RECORDED DATA Start Marker

lemma dom_glued_map: "dom (glued_map (cls m a)) = glued_dom (cls m (a\<^sup>\<star>))"
proof (intro set_eqI)
  fix x
  have "x \<in> dom (glued_map (cls m a)) \<longleftrightarrow> (\<exists>y. \<exists>s\<in>cls m a. \<theta> s x = Some y)"
    by (simp add: dom_def glued_map_eq_Some_iff)
  also have "\<dots> \<longleftrightarrow> (\<exists>s\<in>cls m a. x \<in> Xs (s\<^sup>\<star>))"
    using top_partial_action_dom[OF action UNIV_I] by blast
  also have "\<dots> \<longleftrightarrow> x \<in> glued_dom (cls m (a\<^sup>\<star>))"
    unfolding glued_dom_def UN_iff by (rule bex_cls_inverse[symmetric])
  finally show "x \<in> dom (glued_map (cls m a)) \<longleftrightarrow> x \<in> glued_dom (cls m (a\<^sup>\<star>))" .
qed

lemma ran_glued_map: "ran (glued_map (cls m a)) = glued_dom (cls m a)"
proof -
  have "y \<in> ran (glued_map (cls m a)) \<longleftrightarrow> y \<in> dom (glued_map (cls m (a\<^sup>\<star>)))" for y
    using glued_map_inverse unfolding ran_def dom_def by blast
  then show ?thesis using dom_glued_map[of "a\<^sup>\<star>"] by auto
qed

lemma glued_map_mult:
  "map_le (map_comp (glued_map (cls m a)) (glued_map (cls m b))) (glued_map (cls m (a \<cdot> b)))"
  unfolding map_le_def
proof
  fix x assume "x \<in> dom (map_comp (glued_map (cls m a)) (glued_map (cls m b)))"
  then obtain z y where z: "map_comp (glued_map (cls m a)) (glued_map (cls m b)) x = Some z"
    and y: "glued_map (cls m b) x = Some y" "glued_map (cls m a) y = Some z"
    by (auto simp: map_comp_def split: option.splits)
  obtain t where t: "t \<in> cls m b" "\<theta> t x = Some y" using y(1) glued_map_eq_Some_iff by blast
  obtain s where s: "s \<in> cls m a" "\<theta> s y = Some z" using y(2) glued_map_eq_Some_iff by blast
  have "\<theta> (s \<cdot> t) x = Some z"
    using top_partial_action_mult[OF action UNIV_I UNIV_I, of s t] t(2) s(2)
    unfolding map_le_def by (metis domI map_comp_simps(2))
  moreover have "s \<cdot> t \<in> cls m (a \<cdot> b)" using s(1) t(1) unfolding mem_cls_iff by (rule sigma_equiv_mult)
  ultimately have "glued_map (cls m (a \<cdot> b)) x = Some z" unfolding glued_map_eq_Some_iff by blast
  then show "map_comp (glued_map (cls m a)) (glued_map (cls m b)) x = glued_map (cls m (a \<cdot> b)) x"
    using z by simp
qed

RECORDED DATA End Marker

Every line of the data should be copied exactly.

TASK SOLUTION.
lemma dom_glued_map: "dom (glued_map (cls m a)) = glued_dom (cls m (a\<^sup>\<star>))"
proof (intro set_eqI)
  fix x
  have "x \<in> dom (glued_map (cls m a)) \<longleftrightarrow> (\<exists>y. \<exists>s\<in>cls m a. \<theta> s x = Some y)"
    by (simp add: dom_def glued_map_eq_Some_iff)
  also have "\<dots> \<longleftrightarrow> (\<exists>s\<in>cls m a. x \<in> Xs (s\<^sup>\<star>))"
    using top_partial_action_dom[OF action UNIV_I] by blast
  also have "\<dots> \<longleftrightarrow> x \<in> glued_dom (cls m (a\<^sup>\<star>))"
    unfolding glued_dom_def UN_iff by (rule bex_cls_inverse[symmetric])
  finally show "x \<in> dom (glued_map (cls m a)) \<longleftrightarrow> x \<in> glued_dom (cls m (a\<^sup>\<star>))" .
qed

lemma ran_glued_map: "ran (glued_map (cls m a)) = glued_dom (cls m a)"
proof -
  have "y \<in> ran (glued_map (cls m a)) \<longleftrightarrow> y \<in> dom (glued_map (cls m (a\<^sup>\<star>)))" for y
    using glued_map_inverse unfolding ran_def dom_def by blast
  then show ?thesis using dom_glued_map[of "a\<^sup>\<star>"] by auto
qed

lemma glued_map_mult:
  "map_le (map_comp (glued_map (cls m a)) (glued_map (cls m b))) (glued_map (cls m (a \<cdot> b)))"
  unfolding map_le_def
proof
  fix x assume "x \<in> dom (map_comp (glued_map (cls m a)) (glued_map (cls m b)))"
  then obtain z y where z: "map_comp (glued_map (cls m a)) (glued_map (cls m b)) x = Some z"
    and y: "glued_map (cls m b) x = Some y" "glued_map (cls m a) y = Some z"
    by (auto simp: map_comp_def split: option.splits)
  obtain t where t: "t \<in> cls m b" "\<theta> t x = Some y" using y(1) glued_map_eq_Some_iff by blast
  obtain s where s: "s \<in> cls m a" "\<theta> s y = Some z" using y(2) glued_map_eq_Some_iff by blast
  have "\<theta> (s \<cdot> t) x = Some z"
    using top_partial_action_mult[OF action UNIV_I UNIV_I, of s t] t(2) s(2)
    unfolding map_le_def by (metis domI map_comp_simps(2))
  moreover have "s \<cdot> t \<in> cls m (a \<cdot> b)" using s(1) t(1) unfolding mem_cls_iff by (rule sigma_equiv_mult)
  ultimately have "glued_map (cls m (a \<cdot> b)) x = Some z" unfolding glued_map_eq_Some_iff by blast
  then show "map_comp (glued_map (cls m a)) (glued_map (cls m b)) x = glued_map (cls m (a \<cdot> b)) x"
    using z by simp
qed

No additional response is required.